__TASK INSTRUCTIONS__.
Select the lines of the records containing the word "cases" and list them.

__RECORDS SHOWN__.
lemma nn_integral_location_scale_pair_le:
  fixes h :: "real \<Rightarrow> real" and a b :: real
  assumes hm[measurable]: "h \<in> borel_measurable borel" and h0: "\<And>t. 0 \<le> h t" and "a \<noteq> b"
  shows "(\<integral>\<^sup>+\<sigma>\<in>{0<..}. (\<integral>\<^sup>+\<mu>. ennreal (h ((a - \<mu>) / \<sigma>) * h ((b - \<mu>) / \<sigma>) / \<sigma> ^ 3) \<partial>lborel) \<partial>lborel)
    \<le> ennreal (1 / \<bar>b - a\<bar>) * (\<integral>\<^sup>+t. ennreal (h t) \<partial>lborel)\<^sup>2"
proof -
  define I where "I = (\<integral>\<^sup>+t. ennreal (h t) \<partial>lborel)"
  have le: "(\<integral>\<^sup>+\<sigma>\<in>{0<..}. (\<integral>\<^sup>+\<mu>. ennreal (h ((a - \<mu>) / \<sigma>) * h ((b - \<mu>) / \<sigma>) / \<sigma> ^ 3) \<partial>lborel) \<partial>lborel)
    \<le> ennreal (1 / (b - a)) * I\<^sup>2" if "a < b" for a b
  proof -
    have "(\<integral>\<^sup>+\<sigma>\<in>{0<..}. (\<integral>\<^sup>+\<mu>. ennreal (h ((a - \<mu>) / \<sigma>) * h ((b - \<mu>) / \<sigma>) / \<sigma> ^ 3) \<partial>lborel) \<partial>lborel)
      = (\<integral>\<^sup>+\<sigma>. (\<integral>\<^sup>+u. ennreal (h (- u)) * (ennreal (h ((b - a) / \<sigma> - u) / \<sigma>\<^sup>2) * indicator {0<..} \<sigma>) \<partial>lborel) \<partial>lborel)"
    proof (intro nn_integral_cong)
      fix \<sigma> :: real
      show "(\<integral>\<^sup>+\<mu>. ennreal (h ((a - \<mu>) / \<sigma>) * h ((b - \<mu>) / \<sigma>) / \<sigma> ^ 3) \<partial>lborel) * indicator {0<..} \<sigma>
        = (\<integral>\<^sup>+u. ennreal (h (- u)) * (ennreal (h ((b - a) / \<sigma> - u) / \<sigma>\<^sup>2) * indicator {0<..} \<sigma>) \<partial>lborel)"
        by (cases "\<sigma> > 0") (simp_all add: nn_integral_location_pair_eq[OF hm h0])
    qed
    also have "\<dots> = (\<integral>\<^sup>+u. ennreal (h (- u)) * (\<integral>\<^sup>+\<sigma>\<in>{0<..}. ennreal (h ((b - a) / \<sigma> - u) / \<sigma>\<^sup>2) \<partial>lborel) \<partial>lborel)"
      by (subst lborel_pair.Fubini') (measurable, simp add: nn_integral_cmult)
    also have "\<dots> \<le> (\<integral>\<^sup>+u. ennreal (h (- u)) * (ennreal (1 / (b - a)) * I) \<partial>lborel)"
    proof (intro nn_integral_mono mult_left_mono)
      fix u :: real
      have "(\<integral>\<^sup>+t. ennreal (h (t - u)) \<partial>lborel) = I"
        unfolding I_def using nn_integral_real_affine[of "\<lambda>t. ennreal (h t)" 1 "- u"] by simp
      then show "(\<integral>\<^sup>+\<sigma>\<in>{0<..}. ennreal (h ((b - a) / \<sigma> - u) / \<sigma>\<^sup>2) \<partial>lborel) \<le> ennreal (1 / (b - a)) * I"
        using nn_integral_inverse_subst_le[of "\<lambda>t. h (t - u)" "b - a"] h0 \<open>a < b\<close> by auto
    qed auto
    also have "\<dots> = ennreal (1 / (b - a)) * I\<^sup>2"
    proof -
      have "(\<integral>\<^sup>+u. ennreal (h (- u)) \<partial>lborel) = I"
        unfolding I_def using nn_integral_real_affine[of "\<lambda>t. ennreal (h t)" "-1" 0] by simp
      then show ?thesis
        by (subst nn_integral_multc) (auto simp: power2_eq_square mult_ac)
    qed
    finally show ?thesis .
  qed
  show ?thesis
  proof (cases "a < b")
    case True
    then show ?thesis using le[OF True] by (simp add: I_def)
  next
    case False
    then have "b < a" using \<open>a \<noteq> b\<close> by simp
    then show ?thesis using le[OF \<open>b < a\<close>] by (simp add: I_def mult.commute)
  qed
qed

lemma std_normal_density_scale_le:
  fixes y \<tau> :: real
  assumes "y \<noteq> 0"
  shows "std_normal_density (y / \<tau>) / \<tau> \<le> 1 / \<bar>y\<bar>"
proof (cases "\<tau> > 0")
  case False
  then have "std_normal_density (y / \<tau>) / \<tau> \<le> 0"
    by (intro divide_nonneg_nonpos) auto
  then show ?thesis by (meson order_trans zero_le_divide_1_iff abs_ge_zero)
next
  case True
  define s where "s = \<bar>y\<bar> / \<tau>"
  have s: "s > 0" using True assms by (simp add: s_def)
  have "s \<le> 1 + s\<^sup>2 / 2"
    using sum_squares_ge_zero[of "s - 1" 0] by (simp add: power2_eq_square field_simps)
  also have "\<dots> \<le> exp (s\<^sup>2 / 2)" by (rule exp_ge_add_one_self)
  finally have "s * exp (- (s\<^sup>2) / 2) \<le> 1"
    by (simp add: exp_minus field_simps)
  moreover have "s * exp (- (s\<^sup>2) / 2) / sqrt (2 * pi) \<le> s * exp (- (s\<^sup>2) / 2)"
    using s pi_gt3 divide_left_mono[of 1 "sqrt (2 * pi)" "s * exp (- (s\<^sup>2) / 2)"]
    by (simp add: real_le_rsqrt)
  ultimately have "s * exp (- (s\<^sup>2) / 2) / sqrt (2 * pi) \<le> 1"
    by linarith
  then have "s * exp (- (s\<^sup>2) / 2) / sqrt (2 * pi) / \<bar>y\<bar> \<le> 1 / \<bar>y\<bar>"
    by (rule divide_right_mono) simp
  also have "s * exp (- (s\<^sup>2) / 2) / sqrt (2 * pi) / \<bar>y\<bar> = std_normal_density (y / \<tau>) / \<tau>"
    using True assms by (simp add: std_normal_density_def s_def power2_eq_square field_simps)
  finally show ?thesis .
qed

lemma nn_integral_std_normal_scale_le:
  fixes \<tau> :: real
  shows "(\<integral>\<^sup>+t. ennreal (std_normal_density (t / \<tau>) / \<tau>) \<partial>lborel) \<le> 1"
proof (cases "\<tau> > 0")
  case True
  have "(\<integral>\<^sup>+t. ennreal (std_normal_density (t / \<tau>) / \<tau>) \<partial>lborel)
      = ennreal \<bar>\<tau>\<bar> * (\<integral>\<^sup>+u. ennreal (std_normal_density ((0 + \<tau> * u) / \<tau>) / \<tau>) \<partial>lborel)"
    using True by (intro nn_integral_real_affine) auto
  also have "\<dots> = (\<integral>\<^sup>+u. ennreal \<tau> * ennreal (std_normal_density u / \<tau>) \<partial>lborel)"
    using True by (subst nn_integral_cmult) auto
  also have "\<dots> = (\<integral>\<^sup>+u. ennreal (std_normal_density u) \<partial>lborel)"
    using True by (intro nn_integral_cong) (simp add: ennreal_mult'[symmetric])
  also have "\<dots> = 1"
    by (subst nn_integral_eq_integral) auto
  finally show ?thesis by simp
next
  case False
  then have "std_normal_density (t / \<tau>) / \<tau> \<le> 0" for t
    by (intro divide_nonneg_nonpos) auto
  then show ?thesis
    by (subst nn_integral_cong[where v="\<lambda>_. 0"]) (auto simp: ennreal_eq_0_iff)
qed

lemma nn_integral_std_normal_scale_mixture_le:
  assumes "prob_space H" and sH: "sets H = sets borel"
  shows "(\<integral>\<^sup>+t. (\<integral>\<^sup>+\<tau>. ennreal (std_normal_density (t / \<tau>) / \<tau>) \<partial>H) \<partial>lborel) \<le> 1"
proof -
  interpret H: prob_space H by fact
  interpret lborel_H: pair_sigma_finite lborel H ..
  have "(\<integral>\<^sup>+t. (\<integral>\<^sup>+\<tau>. ennreal (std_normal_density (t / \<tau>) / \<tau>) \<partial>H) \<partial>lborel)
      = (\<integral>\<^sup>+\<tau>. (\<integral>\<^sup>+t. ennreal (std_normal_density (t / \<tau>) / \<tau>) \<partial>lborel) \<partial>H)"
  proof (rule lborel_H.Fubini'[symmetric])
    have "(\<lambda>(t, \<tau>). ennreal (std_normal_density (t / \<tau>) / \<tau>)) \<in> borel_measurable (borel \<Otimes>\<^sub>M borel)"
      by measurable
    then show "(\<lambda>(t, \<tau>). ennreal (std_normal_density (t / \<tau>) / \<tau>)) \<in> borel_measurable (lborel \<Otimes>\<^sub>M H)"
      by (subst measurable_cong_sets[OF sets_pair_measure_cong[OF sets_lborel sH] refl])
  qed
  also have "\<dots> \<le> (\<integral>\<^sup>+\<tau>. 1 \<partial>H)"
    by (intro nn_integral_mono nn_integral_std_normal_scale_le)
  also have "\<dots> = 1" by (simp add: H.emeasure_space_1)
  finally show ?thesis .
qed

lemma scale_mixture_of_normals_dominated:
  assumes "scale_mixture_of_normals f"
  obtains h where "h \<in> borel_measurable borel" "\<And>t. 0 \<le> h t"
    "\<And>y. y \<noteq> 0 \<Longrightarrow> h y \<le> 1 / \<bar>y\<bar>" "(\<integral>\<^sup>+t. ennreal (h t) \<partial>lborel) \<le> 1"
    "AE y in lborel. f y = h y"
proof -
  from assms obtain H :: "real measure" where [measurable]: "f \<in> borel_measurable borel"
    and f0: "\<And>y. 0 \<le> f y" and "prob_space H" and sH: "sets H = sets borel"
    and mix: "AE y in lborel. ennreal (f y) = (\<integral>\<^sup>+\<tau>. ennreal (std_normal_density (y / \<tau>) / \<tau>) \<partial>H)"
    unfolding scale_mixture_of_normals_def by blast
  interpret H: prob_space H by fact
  have "AE y in lborel. y \<noteq> 0 \<longrightarrow> f y \<le> 1 / \<bar>y\<bar>"
    using mix
  proof eventually_elim
    case (elim y)
    show ?case
    proof
      assume "y \<noteq> 0"
      have "ennreal (f y) \<le> (\<integral>\<^sup>+\<tau>. ennreal (1 / \<bar>y\<bar>) \<partial>H)"
        unfolding elim using std_normal_density_scale_le[OF \<open>y \<noteq> 0\<close>]
        by (intro nn_integral_mono ennreal_leI)
      then show "f y \<le> 1 / \<bar>y\<bar>"
        by (simp add: H.emeasure_space_1 ennreal_le_iff)
    qed
  qed
  \<comment> \<open>\<open>f\<close> obeys the bound only almost everywhere, so it is truncated to a version obeying it everywhere.\<close>
  define h where "h y = (if y = 0 then 0 else min (f y) (1 / \<bar>y\<bar>))" for y
  have hm: "h \<in> borel_measurable borel"
    unfolding h_def by measurable
  have ae: "AE y in lborel. f y = h y"
    using \<open>AE y in lborel. y \<noteq> 0 \<longrightarrow> f y \<le> 1 / \<bar>y\<bar>\<close> AE_lborel_singleton[of 0]
    by eventually_elim (auto simp: h_def)
  have "(\<integral>\<^sup>+t. ennreal (h t) \<partial>lborel) = (\<integral>\<^sup>+t. (\<integral>\<^sup>+\<tau>. ennreal (std_normal_density (t / \<tau>) / \<tau>) \<partial>H) \<partial>lborel)"
    using ae mix by (intro nn_integral_cong_AE) auto
  also have "\<dots> \<le> 1"
    by (rule nn_integral_std_normal_scale_mixture_le) fact+
  finally have "(\<integral>\<^sup>+t. ennreal (h t) \<partial>lborel) \<le> 1" .
  then show ?thesis
    by (rule that[OF hm _ _ _ ae, rotated 2]) (auto simp: h_def f0)
qed

lemma inj_on_separated:
  fixes x :: "'a \<Rightarrow> real"
  assumes "finite A" "inj_on x A"
  obtains \<delta> where "\<delta> > 0" "\<And>i j. i \<in> A \<Longrightarrow> j \<in> A \<Longrightarrow> i \<noteq> j \<Longrightarrow> \<delta> \<le> \<bar>x i - x j\<bar>"
proof -
  define D where "D = (\<lambda>(i, j). \<bar>x i - x j\<bar>) ` (A \<times> A - Id)"
  have "finite D" using \<open>finite A\<close> by (simp add: D_def)
  show ?thesis
  proof (rule that[of "Min (insert 1 D)"])
    have "d > 0" if "d \<in> D" for d
      using that inj_on_eq_iff[OF \<open>inj_on x A\<close>] by (auto simp: D_def)
    then show "Min (insert 1 D) > 0"
      using \<open>finite D\<close> by (simp add: Min_gr_iff)
    show "Min (insert 1 D) \<le> \<bar>x i - x j\<bar>" if "i \<in> A" "j \<in> A" "i \<noteq> j" for i j
      using \<open>finite D\<close> that by (intro Min_le) (auto simp: D_def)
  qed
qed

lemma prod_location_scale_le_sum_pairs:
  fixes h :: "real \<Rightarrow> real" and x :: "nat \<Rightarrow> real" and n :: nat and \<sigma> \<mu> \<delta> :: real
  assumes h0: "\<And>t. 0 \<le> h t" and hb: "\<And>y. y \<noteq> 0 \<Longrightarrow> h y \<le> 1 / \<bar>y\<bar>"
    and \<sigma>: "\<sigma> > 0" and n: "n \<ge> 2" and \<delta>: "\<delta> > 0"
    and sep: "\<And>i j. i < n \<Longrightarrow> j < n \<Longrightarrow> i \<noteq> j \<Longrightarrow> \<delta> \<le> \<bar>x i - x j\<bar>"
  shows "(\<Prod>j<n. 2 / \<sigma> * h ((x j - \<mu>) / \<sigma>)) / \<sigma>
    \<le> (\<Sum>(a, b)\<in>{..<n} \<times> {..<n} - Id.
          4 * (4 / \<delta>) ^ (n - 2) * (h ((x a - \<mu>) / \<sigma>) * h ((x b - \<mu>) / \<sigma>) / \<sigma> ^ 3))"
proof -
  obtain a b where ab: "a < n" "b < n" "a \<noteq> b"
    and far: "\<And>j. j < n \<Longrightarrow> j \<noteq> a \<Longrightarrow> j \<noteq> b \<Longrightarrow> \<delta> / 2 \<le> \<bar>x j - \<mu>\<bar>"
  proof (cases "\<exists>m<n. \<bar>x m - \<mu>\<bar> < \<delta> / 2")
    case True
    then obtain m where m: "m < n" "\<bar>x m - \<mu>\<bar> < \<delta> / 2" by blast
    show ?thesis
    proof (rule that[of m "if m = 0 then 1 else 0"])
      fix j assume "j < n" "j \<noteq> m"
      then have "\<delta> \<le> \<bar>x j - x m\<bar>" using sep m by auto
      then show "\<delta> / 2 \<le> \<bar>x j - \<mu>\<bar>" using m by linarith
    qed (use m n in auto)
  next
    case False
    then show ?thesis using n by (intro that[of 0 1]) auto
  qed
  define g where "g j = 2 / \<sigma> * h ((x j - \<mu>) / \<sigma>)" for j
  define R where "R = {..<n} - {a, b}"
  have g0: "0 \<le> g j" for j using h0 \<sigma> by (simp add: g_def)
  have gR: "g j \<le> 4 / \<delta>" if "j \<in> R" for j
  proof -
    have d: "\<delta> / 2 \<le> \<bar>x j - \<mu>\<bar>" using far that by (auto simp: R_def)
    then have "(x j - \<mu>) / \<sigma> \<noteq> 0" using \<delta> \<sigma> by auto
    then have "g j \<le> 2 / \<sigma> * (1 / \<bar>(x j - \<mu>) / \<sigma>\<bar>)"
      unfolding g_def using \<sigma> by (intro mult_left_mono hb) auto
    also have "\<dots> = 2 / \<bar>x j - \<mu>\<bar>" using \<sigma> by (simp add: abs_divide field_simps)
    also have "\<dots> \<le> 2 / (\<delta> / 2)" using d \<delta> by (intro divide_left_mono) (auto intro!: mult_pos_pos)
    finally show ?thesis by simp
  qed
  have "{..<n} = insert a (insert b R)" using ab by (auto simp: R_def)
  then have "(\<Prod>j<n. g j) = prod g (insert a (insert b R))" by simp
  also have "\<dots> = g a * g b * prod g R"
    using ab by (simp add: R_def mult.assoc)
  also have "\<dots> \<le> g a * g b * (4 / \<delta>) ^ (n - 2)"
  proof -
    have "card R = n - 2" using ab by (simp add: R_def card_Diff_subset)
    moreover have "prod g R \<le> (\<Prod>j\<in>R. 4 / \<delta>)" by (intro prod_mono) (use g0 gR in auto)
    ultimately show ?thesis using g0 by (intro mult_left_mono) auto
  qed
  finally have "(\<Prod>j<n. g j) / \<sigma> \<le> g a * g b * (4 / \<delta>) ^ (n - 2) / \<sigma>"
    using \<sigma> by (intro divide_right_mono) auto
  also have "\<dots> = 4 * (4 / \<delta>) ^ (n - 2) * (h ((x a - \<mu>) / \<sigma>) * h ((x b - \<mu>) / \<sigma>) / \<sigma> ^ 3)"
    unfolding g_def using \<sigma> by (simp add: power3_eq_cube field_simps)
  also have "\<dots> \<le> (\<Sum>(a, b)\<in>{..<n} \<times> {..<n} - Id.
          4 * (4 / \<delta>) ^ (n - 2) * (h ((x a - \<mu>) / \<sigma>) * h ((x b - \<mu>) / \<sigma>) / \<sigma> ^ 3))"
    using member_le_sum[of "(a, b)" "{..<n} \<times> {..<n} - Id"
        "\<lambda>(a, b). 4 * (4 / \<delta>) ^ (n - 2) * (h ((x a - \<mu>) / \<sigma>) * h ((x b - \<mu>) / \<sigma>) / \<sigma> ^ 3)"]
      ab h0 \<sigma> \<delta> by auto
  finally show ?thesis by (simp add: g_def)
qed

__RESPONSE BELOW__.
        by (cases "\<sigma> > 0") (simp_all add: nn_integral_location_pair_eq[OF hm h0])
  proof (cases "a < b")
proof (cases "\<tau> > 0")
proof (cases "\<tau> > 0")
  proof (cases "\<exists>m<n. \<bar>x m - \<mu>\<bar> < \<delta> / 2")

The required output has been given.